Also on the bad-news front, my son – who is now two years old – was diagnosed early in 2014 with a visual disability called congenital nystagmus. Basically, his eyes twitch back and forth involuntarily, and while the condition is not tremendously debilitating, it will affect his vision for the rest of his life. Back in October he had a surgery (called the modified Kestenbaum-Anderson surgery for those interested) to improve his eyesight by moving his eye muscles in order to center his “best” vision straight in front of him. Time will tell how effective it was, but we’re optimistic.

On to good news: my wife and I had another child this year, a little girl this time. In a sense, we’re living the dream: a married couple owning a house with a two-car garage out in the suburbs, two kids (a boy and girl), and a white-picket fence. Just kidding about that last part. Our fence is made out of flimsy pine wood. Overall, we feel like we have now replaced ourselves, and (at the moment) do not plan to have any more children. We’ll see.

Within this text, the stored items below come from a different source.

text \<open>Comparing with the competitors \<open>a u\<close> and \<open>a y\<close> squeezes the difference quotient
  between two uniform first-order expansions.\<close>

lemma has_derivative_optimal_value:
  fixes f :: "'a::real_normed_vector \<Rightarrow> 'b::metric_space \<Rightarrow> real"
    and f' :: "'a \<Rightarrow> 'b \<Rightarrow> 'a \<Rightarrow>\<^sub>L real"
  assumes deriv: "\<And>x \<beta>. ((\<lambda>y. f y \<beta>) has_derivative blinfun_apply (f' x \<beta>)) (at x)"
    and cont: "continuous (at (u, a u)) (\<lambda>p. f' (fst p) (snd p))"
    and "open V" "u \<in> V" "isCont a u"
    and min: "\<And>v w. v \<in> V \<Longrightarrow> w \<in> V \<Longrightarrow> f v (a v) \<le> f v (a w)"
  shows "((\<lambda>v. f v (a v)) has_derivative blinfun_apply (f' u (a u))) (at u)"
  unfolding has_derivative_at_alt
proof (intro conjI allI impI blinfun.bounded_linear_right)
  fix e :: real assume "e > 0"
  obtain d where "d > 0" and est: "\<And>y \<beta>. norm (y - u) < d \<Longrightarrow> dist \<beta> (a u) < d \<Longrightarrow>
      \<bar>f y \<beta> - f u \<beta> - blinfun_apply (f' u (a u)) (y - u)\<bar> \<le> e * norm (y - u)"
    using uniform_first_order_estimate[OF deriv cont \<open>e > 0\<close>] by blast
  obtain d0 where "d0 > 0" "ball u d0 \<subseteq> V"
    using \<open>open V\<close> \<open>u \<in> V\<close> open_contains_ball by blast
  obtain d1 where "d1 > 0" and d1: "\<And>y. dist y u < d1 \<Longrightarrow> dist (a y) (a u) < d"
    using \<open>isCont a u\<close> \<open>d > 0\<close> unfolding continuous_at_eps_delta by blast
  show "\<exists>\<delta>>0. \<forall>y. norm (y - u) < \<delta> \<longrightarrow>
      norm (f y (a y) - f u (a u) - blinfun_apply (f' u (a u)) (y - u)) \<le> e * norm (y - u)"
  proof (intro exI[of _ "min d (min d0 d1)"] conjI allI impI)
    show "min d (min d0 d1) > 0"
      using \<open>d > 0\<close> \<open>d0 > 0\<close> \<open>d1 > 0\<close> by simp
  next
    fix y assume y: "norm (y - u) < min d (min d0 d1)"
    have "y \<in> V" using y \<open>ball u d0 \<subseteq> V\<close> by (auto simp: dist_norm norm_minus_commute)
    have "f y (a y) \<le> f y (a u)" "f u (a u) \<le> f u (a y)"
      using min \<open>y \<in> V\<close> \<open>u \<in> V\<close> by auto
    moreover have "dist (a y) (a u) < d"
      using d1 y by (simp add: dist_norm)
    ultimately show "norm (f y (a y) - f u (a u) - blinfun_apply (f' u (a u)) (y - u)) \<le> e * norm (y - u)"
      using est[of y "a u"] est[of y "a y"] y \<open>d > 0\<close> by (simp add: abs_le_iff)
  qed
qed

theorem continuously_differentiable_Inf_unique_arg_min:
  fixes f :: "'a::euclidean_space \<Rightarrow> 'b::euclidean_space \<Rightarrow> real"
    and f' :: "'a \<Rightarrow> 'b \<Rightarrow> 'a \<Rightarrow>\<^sub>L real"
  assumes "open V" "compact K"
    and cont: "continuous_on UNIV (\<lambda>p. f (fst p) (snd p))"
    and deriv: "\<And>x \<beta>. ((\<lambda>y. f y \<beta>) has_derivative blinfun_apply (f' x \<beta>)) (at x)"
    and cont': "continuous_on UNIV (\<lambda>p. f' (fst p) (snd p))"
    and unique: "\<forall>u\<in>V. \<exists>!\<alpha>. is_arg_min (f u) (\<lambda>\<beta>. \<beta> \<in> K) \<alpha>"
  shows "\<forall>u\<in>V. ((\<lambda>u. INF \<beta>\<in>K. f u \<beta>) has_derivative blinfun_apply (f' u (arg_min_on (f u) K))) (at u)"
    and "continuous_on V (\<lambda>u. f' u (arg_min_on (f u) K))"
proof -
  let ?a = "\<lambda>u. arg_min_on (f u) K"
  have is_min: "is_arg_min (f u) (\<lambda>\<beta>. \<beta> \<in> K) (?a u)" if "u \<in> V" for u
    using is_arg_min_iff_eq_arg_min_on[OF unique[rule_format, OF that]] by simp
  have min: "f v (?a v) \<le> f v (?a w)" if "v \<in> V" "w \<in> V" for v w
    using is_min[OF that(1)] is_min[OF that(2)] by (simp add: is_arg_min_linorder)
  have cont_a: "continuous_on V ?a"
    using continuous_on_unique_arg_min_on[OF \<open>compact K\<close> cont unique] .
  show "\<forall>u\<in>V. ((\<lambda>u. INF \<beta>\<in>K. f u \<beta>) has_derivative blinfun_apply (f' u (?a u))) (at u)"
  proof
    fix u assume "u \<in> V"
    have "((\<lambda>v. f v (?a v)) has_derivative blinfun_apply (f' u (?a u))) (at u)"
    proof (rule has_derivative_optimal_value[where a = ?a, OF deriv _ \<open>open V\<close> \<open>u \<in> V\<close>])
      show "continuous (at (u, ?a u)) (\<lambda>p. f' (fst p) (snd p))"
        using cont' by (simp add: continuous_on_eq_continuous_at)
      show "isCont ?a u"
        using cont_a \<open>open V\<close> \<open>u \<in> V\<close> by (simp add: continuous_on_eq_continuous_at)
    qed (rule min)
    then show "((\<lambda>u. INF \<beta>\<in>K. f u \<beta>) has_derivative blinfun_apply (f' u (?a u))) (at u)"
      by (rule has_derivative_transform_within_open[OF _ \<open>open V\<close> \<open>u \<in> V\<close>])
        (simp add: INF_eq_at_is_arg_min[OF is_min])
  qed
  have "continuous_on V (\<lambda>u. (u, ?a u))"
    by (intro continuous_intros cont_a)
  from continuous_on_compose2[OF cont' this]
  show "continuous_on V (\<lambda>u. f' u (?a u))"
    by simp
qed

lemma bounded_linear_vector_matrix_mult_left: "bounded_linear (\<lambda>M::real^'n^'k. b v* M)"
proof -
  have "linear (\<lambda>M::real^'n^'k. b v* M)"
    by (rule linearI)
      (simp_all add: vector_matrix_mult_def vec_eq_iff sum.distrib sum_distrib_left algebra_simps)
  then show ?thesis
    by (rule linear_conv_bounded_linear[THEN iffD1])
qed

lemma continuous_on_vector_matrix_mult [continuous_intros]:
  fixes M :: "'a::topological_space \<Rightarrow> real^'n^'k"
  assumes "continuous_on S b" "continuous_on S M"
  shows "continuous_on S (\<lambda>p. b p v* M p)"
  unfolding vector_matrix_mult_def using assms by (intro continuous_intros) auto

Also on the good-news front, I got a small raise at work this year, and despite my wife not working, our net worth still improved significantly. I do not consider us paragons of frugality. Far from it, actually. I feel that we spent with reckless abandon this year; neither my wife nor I hold each other accountable for our spending. And to be certain, we spent far more than we did last year, mainly due to my son’s surgery and the birth of my daughter (all on a high-deductible health plan). Medical expenses aside, we still spent freely, entertaining guests and neighbors once a week or more, taking a few trips from Texas to Georgia to visit family, and pursuing hobbies. I even got into a new hobby – brewing my own beer and cider.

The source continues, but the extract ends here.